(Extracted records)
════════
lemma uniform_limit_Lim_if_uniformly_Cauchy_filter:
  fixes h :: "'i \<Rightarrow> 'a \<Rightarrow> 'b::complete_space"
  assumes "F \<noteq> bot" "uniformly_Cauchy_filter K h F"
  shows "uniform_limit K h (\<lambda>x. Lim F (\<lambda>l. h l x)) F"
proof -
  define L where "L x = Lim F (\<lambda>l. h l x)" for x
  have L: "((\<lambda>l. h l x) \<longlongrightarrow> L x) F" if "x \<in> K" for x
  proof -
    have "cauchy_filter (filtermap (\<lambda>l. h l x) F)"
      using assms(2) that unfolding cauchy_filter_metric_filtermap uniformly_Cauchy_filter_def by blast
    then have "\<exists>c. filtermap (\<lambda>l. h l x) F \<le> nhds c"
      using assms(1) by (intro cauchy_filter_complete_converges[OF _ complete_UNIV])
        (auto simp: filtermap_bot_iff)
    then obtain c where "((\<lambda>l. h l x) \<longlongrightarrow> c) F" by (auto simp: filterlim_def)
    then show ?thesis unfolding L_def using assms(1) by (simp add: tendsto_Lim)
  qed
  show ?thesis unfolding L_def[symmetric] uniform_limit_iff
  proof (intro allI impI)
    fix e :: real assume "e > 0"
    then obtain P where P: "eventually P F"
      and close: "\<And>l m x. P l \<Longrightarrow> P m \<Longrightarrow> x \<in> K \<Longrightarrow> dist (h l x) (h m x) < e/2"
      using assms(2) unfolding uniformly_Cauchy_filter_def by (meson half_gt_zero)
    have bound: "dist (h l x) (L x) \<le> e/2" if "P l" "x \<in> K" for l x
    proof (rule tendsto_upperbound[OF _ _ assms(1)])
      show "((\<lambda>m. dist (h l x) (h m x)) \<longlongrightarrow> dist (h l x) (L x)) F"
        using L[OF that(2)] by (intro tendsto_intros)
      show "eventually (\<lambda>m. dist (h l x) (h m x) \<le> e/2) F"
        using P by (rule eventually_mono) (use close that in \<open>blast intro: less_imp_le\<close>)
    qed
    show "eventually (\<lambda>l. \<forall>x\<in>K. dist (h l x) (L x) < e) F"
      using P by (rule eventually_mono) (use bound \<open>e > 0\<close> in fastforce)
  qed
qed

lemma uniformly_Cauchy_filter_if_uniform_limit:
  assumes "uniform_limit K h G F"
  shows "uniformly_Cauchy_filter K h F"
  unfolding uniformly_Cauchy_filter_def
proof (intro allI impI)
  fix e :: real assume "e > 0"
  then have "eventually (\<lambda>l. \<forall>x\<in>K. dist (h l x) (G x) < e/2) F"
    by (intro uniform_limitD[OF assms]) simp
  then show "\<exists>P. eventually P F \<and> (\<forall>l m. P l \<and> P m \<longrightarrow> (\<forall>x\<in>K. dist (h l x) (h m x) < e))"
    by (blast intro: dist_triangle_half_l)
qed

lemma continuous_on_if_uniform_limit_on_compacta:
  fixes L :: "'a::t2_space \<Rightarrow> 'b::metric_space"
  assumes "locally_compact_space (euclidean :: 'a topology)" "open S" "F \<noteq> bot"
    and "\<And>K. compact K \<Longrightarrow> K \<subseteq> S \<Longrightarrow>
      eventually (\<lambda>l. continuous_on K (h l)) F \<and> uniform_limit K h L F"
  shows "continuous_on S L"
  unfolding continuous_on_eq_continuous_at[OF assms(2)]
proof
  fix x assume "x \<in> S"
  then obtain U V where UV: "open U" "compact V" "x \<in> U" "U \<subseteq> V" "V \<subseteq> S"
    using locally_compact_compact_neighbourhood[OF assms(1,2)] by blast
  from assms(4)[OF UV(2,5)] have "continuous_on V L"
    using uniform_limit_theorem assms(3) by blast
  then show "isCont L x"
    using UV(1,3,4) continuous_on_subset continuous_on_eq_continuous_at by blast
qed

lemma eventually_sub_KV_if_uniform_limit:
  fixes f :: "'i \<Rightarrow> ('a::topological_space \<rightharpoonup> 'b::metric_space)"
  assumes "compact K" "open V" "continuous_on K G" "G ` K \<subseteq> V"
    and "eventually (\<lambda>l. K \<subseteq> dom (f l)) F" "uniform_limit K (\<lambda>l x. the (f l x)) G F"
  shows "eventually (\<lambda>l. f l \<in> sub_KV K V) F"
proof -
  have "compact (G ` K)" by (rule compact_continuous_image[OF assms(3,1)])
  then obtain e where e: "e > 0" "\<And>y. y \<in> G ` K \<Longrightarrow> ball y e \<subseteq> V"
    using Heine_Borel_lemma[of "G ` K" "{V}"] assms(2,4) by auto
  have "eventually (\<lambda>l. \<forall>x\<in>K. dist (the (f l x)) (G x) < e) F"
    using assms(6) e(1) by (rule uniform_limitD)
  with assms(5) show ?thesis
    by eventually_elim (use e(2) in \<open>fastforce simp: sub_KV_def dist_commute\<close>)
qed

lemma eventually_uniformly_close_if_eventually_sub_KV:
  fixes g :: "'a::t2_space \<rightharpoonup> 'b::metric_space"
  assumes "locally_compact_space (euclidean :: 'a topology)"
    and "g \<in> C_od" "compact K" "K \<subseteq> dom g" "e > 0"
    and sub_KV: "\<And>K V. compact K \<Longrightarrow> open V \<Longrightarrow> g \<in> sub_KV K V \<Longrightarrow>
      eventually (\<lambda>l. f l \<in> sub_KV K V) F"
  shows "eventually (\<lambda>l. K \<subseteq> dom (f l) \<and> (\<forall>x\<in>K. dist (the (f l x)) (the (g x)) < e)) F"
proof -
  define G where "G = (\<lambda>x. the (g x))"
  have nbhd: "open (dom g \<inter> G -` ball (G x) (e/2))" for x
    using assms(2) by (intro continuous_open_preimage) (auto simp: C_od_def G_def)
  have "\<exists>U V. open U \<and> compact V \<and> x \<in> U \<and> U \<subseteq> V \<and> V \<subseteq> dom g \<inter> G -` ball (G x) (e/2)"
    if "x \<in> K" for x
  proof -
    have "x \<in> dom g \<inter> G -` ball (G x) (e/2)" using that assms(4,5) by auto
    with locally_compact_compact_neighbourhood[OF assms(1) nbhd] show ?thesis by metis
  qed
  then have "\<forall>x\<in>K. \<exists>U V. open U \<and> compact V \<and> x \<in> U \<and> U \<subseteq> V
      \<and> V \<subseteq> dom g \<inter> G -` ball (G x) (e/2)" by blast
  then obtain U V where UV: "\<And>x. x \<in> K \<Longrightarrow> open (U x) \<and> compact (V x) \<and> x \<in> U x \<and> U x \<subseteq> V x
      \<and> V x \<subseteq> dom g \<inter> G -` ball (G x) (e/2)"
    by metis
  obtain C where C: "C \<subseteq> K" "finite C" "K \<subseteq> (\<Union>c\<in>C. U c)"
    using compactE_image[OF assms(3), of K U] UV by blast
  have "\<forall>c\<in>C. eventually (\<lambda>l. f l \<in> sub_KV (V c) (ball (G c) (e/2))) F"
    using C(1) UV by (intro ballI sub_KV) (auto simp: sub_KV_def G_def)
  with C(2) have "eventually (\<lambda>l. \<forall>c\<in>C. f l \<in> sub_KV (V c) (ball (G c) (e/2))) F"
    by (rule eventually_ball_finite)
  then show ?thesis
  proof (rule eventually_mono)
    fix l assume l: "\<forall>c\<in>C. f l \<in> sub_KV (V c) (ball (G c) (e/2))"
    have "x \<in> dom (f l) \<and> dist (the (f l x)) (G x) < e" if x: "x \<in> K" for x
    proof -
      obtain c where c: "c \<in> C" "x \<in> U c" using C(3) x by blast
      from c(1) C(1) have "c \<in> K" by blast
      with UV c(2) have "x \<in> V c" "G x \<in> ball (G c) (e/2)" by blast+
      moreover from l c(1) \<open>x \<in> V c\<close> have "x \<in> dom (f l)" "the (f l x) \<in> ball (G c) (e/2)"
        unfolding sub_KV_def by blast+
      ultimately show ?thesis unfolding mem_ball by (blast intro: dist_triangle_half_r)
    qed
    then show "K \<subseteq> dom (f l) \<and> (\<forall>x\<in>K. dist (the (f l x)) (the (g x)) < e)"
      unfolding G_def by auto
  qed
qed

lemma uniform_limit_if_eventually_sub_KV:
  fixes g :: "'a::t2_space \<rightharpoonup> 'b::metric_space"
  assumes "locally_compact_space (euclidean :: 'a topology)"
    and "g \<in> C_od" "compact K" "K \<subseteq> dom g"
    and "\<And>K V. compact K \<Longrightarrow> open V \<Longrightarrow> g \<in> sub_KV K V \<Longrightarrow>
      eventually (\<lambda>l. f l \<in> sub_KV K V) F"
  shows "eventually (\<lambda>l. K \<subseteq> dom (f l)) F"
    and "uniform_limit K (\<lambda>l x. the (f l x)) (\<lambda>x. the (g x)) F"
proof -
  have close: "eventually (\<lambda>l. K \<subseteq> dom (f l) \<and> (\<forall>x\<in>K. dist (the (f l x)) (the (g x)) < e)) F"
    if "e > 0" for e
    using assms(1-4) that assms(5) by (rule eventually_uniformly_close_if_eventually_sub_KV)
  show "eventually (\<lambda>l. K \<subseteq> dom (f l)) F"
    using close[OF zero_less_one] by (rule eventually_mono) simp
  show "uniform_limit K (\<lambda>l x. the (f l x)) (\<lambda>x. the (g x)) F"
    by (rule uniform_limitI, rule eventually_mono[OF close]) auto
qed

lemma net_converges_tau_iota_D_iff:
  fixes f :: "'i \<Rightarrow> ('a::t2_space \<rightharpoonup> 'b::metric_space)"
  assumes "locally_compact_space (euclidean :: 'a topology)" "directed_set le"
    and "\<And>l. f l \<in> C_od" "g \<in> C_od"
  shows "net_converges le tau_iota_D f g \<longleftrightarrow>
    net_converges le fell_topology (\<lambda>l. Dset (f l)) (Dset g) \<and>
    (\<forall>K. compact K \<and> K \<subseteq> dom g \<longrightarrow> eventually (\<lambda>l. K \<subseteq> dom (f l)) (net_filter le) \<and>
       uniform_limit K (\<lambda>l x. the (f l x)) (\<lambda>x. the (g x)) (net_filter le))"
proof -
  let ?F = "net_filter le"
  let ?S_KV = "{C_od \<inter> sub_KV K V | K V. compact K \<and> open V}"
  let ?S_D = "{C_od \<inter> Dset -` W | W. openin fell_topology W}"
  have "g \<in> C_od \<inter> Dset -` topspace fell_topology"
    using assms(4) closed_Dset by (auto simp: topspace_fell_topology)
  moreover have "C_od \<inter> Dset -` topspace fell_topology \<in> ?S_D"
    using openin_topspace by blast
  ultimately have "g \<in> \<Union>(?S_KV \<union> ?S_D)" by blast
  then have "net_converges le tau_iota_D f g \<longleftrightarrow>
      (\<forall>S\<in>?S_KV. g \<in> S \<longrightarrow> eventually (\<lambda>l. f l \<in> S) ?F) \<and>
      (\<forall>S\<in>?S_D. g \<in> S \<longrightarrow> eventually (\<lambda>l. f l \<in> S) ?F)"
    unfolding tau_iota_D_def net_converges_topology_generated_by_iff[OF assms(2)] ball_Un by simp
  also have "(\<forall>S\<in>?S_KV. g \<in> S \<longrightarrow> eventually (\<lambda>l. f l \<in> S) ?F) \<longleftrightarrow>
      (\<forall>K V. compact K \<longrightarrow> open V \<longrightarrow> g \<in> sub_KV K V \<longrightarrow> eventually (\<lambda>l. f l \<in> sub_KV K V) ?F)"
    using assms(3,4) by (simp add: Ball_def imp_ex) fast
  also have "(\<forall>S\<in>?S_D. g \<in> S \<longrightarrow> eventually (\<lambda>l. f l \<in> S) ?F) \<longleftrightarrow>
      (\<forall>W. openin fell_topology W \<longrightarrow> Dset g \<in> W \<longrightarrow> eventually (\<lambda>l. Dset (f l) \<in> W) ?F)"
    using assms(3,4) by (simp add: Ball_def imp_ex)
  finally have tau: "net_converges le tau_iota_D f g \<longleftrightarrow>
      (\<forall>K V. compact K \<longrightarrow> open V \<longrightarrow> g \<in> sub_KV K V \<longrightarrow> eventually (\<lambda>l. f l \<in> sub_KV K V) ?F) \<and>
      (\<forall>W. openin fell_topology W \<longrightarrow> Dset g \<in> W \<longrightarrow> eventually (\<lambda>l. Dset (f l) \<in> W) ?F)" .
  have fell: "net_converges le fell_topology (\<lambda>l. Dset (f l)) (Dset g) \<longleftrightarrow>
      (\<forall>W. openin fell_topology W \<longrightarrow> Dset g \<in> W \<longrightarrow> eventually (\<lambda>l. Dset (f l) \<in> W) ?F)"
    unfolding net_converges_iff_eventually[OF assms(2)] topspace_fell_topology
    using closed_Dset[OF assms(4)] by blast
  have compacta: "(\<forall>K V. compact K \<longrightarrow> open V \<longrightarrow> g \<in> sub_KV K V \<longrightarrow> eventually (\<lambda>l. f l \<in> sub_KV K V) ?F)
      \<longleftrightarrow> (\<forall>K. compact K \<and> K \<subseteq> dom g \<longrightarrow> eventually (\<lambda>l. K \<subseteq> dom (f l)) ?F \<and>
         uniform_limit K (\<lambda>l x. the (f l x)) (\<lambda>x. the (g x)) ?F)" (is "?KV \<longleftrightarrow> ?UL")
  proof
    assume ?KV
    then have "\<And>K V. compact K \<Longrightarrow> open V \<Longrightarrow> g \<in> sub_KV K V \<Longrightarrow>
        eventually (\<lambda>l. f l \<in> sub_KV K V) ?F"
      by blast
    with uniform_limit_if_eventually_sub_KV[OF assms(1,4)] show ?UL by blast
  next
    assume ul: ?UL
    show ?KV
    proof (intro allI impI)
      fix K V assume K: "compact K" and V: "open V" and "g \<in> sub_KV K V"
      then have "K \<subseteq> dom g" and img: "(\<lambda>x. the (g x)) ` K \<subseteq> V" by (auto simp: sub_KV_def)
      have cont: "continuous_on K (\<lambda>x. the (g x))"
        using assms(4) \<open>K \<subseteq> dom g\<close> by (auto simp: C_od_def intro: continuous_on_subset)
      from ul K \<open>K \<subseteq> dom g\<close> have "eventually (\<lambda>l. K \<subseteq> dom (f l)) ?F"
        and "uniform_limit K (\<lambda>l x. the (f l x)) (\<lambda>x. the (g x)) ?F"
        by blast+
      then show "eventually (\<lambda>l. f l \<in> sub_KV K V) ?F"
        by (rule eventually_sub_KV_if_uniform_limit[OF K V cont img])
    qed
  qed
  show ?thesis unfolding tau fell compacta by (rule conj_commute)
qed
════════
* Brief
Return, unchanged, the run of lines above that opens with the line containing "F \<and> (\<forall>l" and closes with the line containing "(rule compact_continuous_image[OF assms(3,1)])". Include both.

* Written response
  then show "\<exists>P. eventually P F \<and> (\<forall>l m. P l \<and> P m \<longrightarrow> (\<forall>x\<in>K. dist (h l x) (h m x) < e))"
    by (blast intro: dist_triangle_half_l)
qed

lemma continuous_on_if_uniform_limit_on_compacta:
  fixes L :: "'a::t2_space \<Rightarrow> 'b::metric_space"
  assumes "locally_compact_space (euclidean :: 'a topology)" "open S" "F \<noteq> bot"
    and "\<And>K. compact K \<Longrightarrow> K \<subseteq> S \<Longrightarrow>
      eventually (\<lambda>l. continuous_on K (h l)) F \<and> uniform_limit K h L F"
  shows "continuous_on S L"
  unfolding continuous_on_eq_continuous_at[OF assms(2)]
proof
  fix x assume "x \<in> S"
  then obtain U V where UV: "open U" "compact V" "x \<in> U" "U \<subseteq> V" "V \<subseteq> S"
    using locally_compact_compact_neighbourhood[OF assms(1,2)] by blast
  from assms(4)[OF UV(2,5)] have "continuous_on V L"
    using uniform_limit_theorem assms(3) by blast
  then show "isCont L x"
    using UV(1,3,4) continuous_on_subset continuous_on_eq_continuous_at by blast
qed

lemma eventually_sub_KV_if_uniform_limit:
  fixes f :: "'i \<Rightarrow> ('a::topological_space \<rightharpoonup> 'b::metric_space)"
  assumes "compact K" "open V" "continuous_on K G" "G ` K \<subseteq> V"
    and "eventually (\<lambda>l. K \<subseteq> dom (f l)) F" "uniform_limit K (\<lambda>l x. the (f l x)) G F"
  shows "eventually (\<lambda>l. f l \<in> sub_KV K V) F"
proof -
  have "compact (G ` K)" by (rule compact_continuous_image[OF assms(3,1)])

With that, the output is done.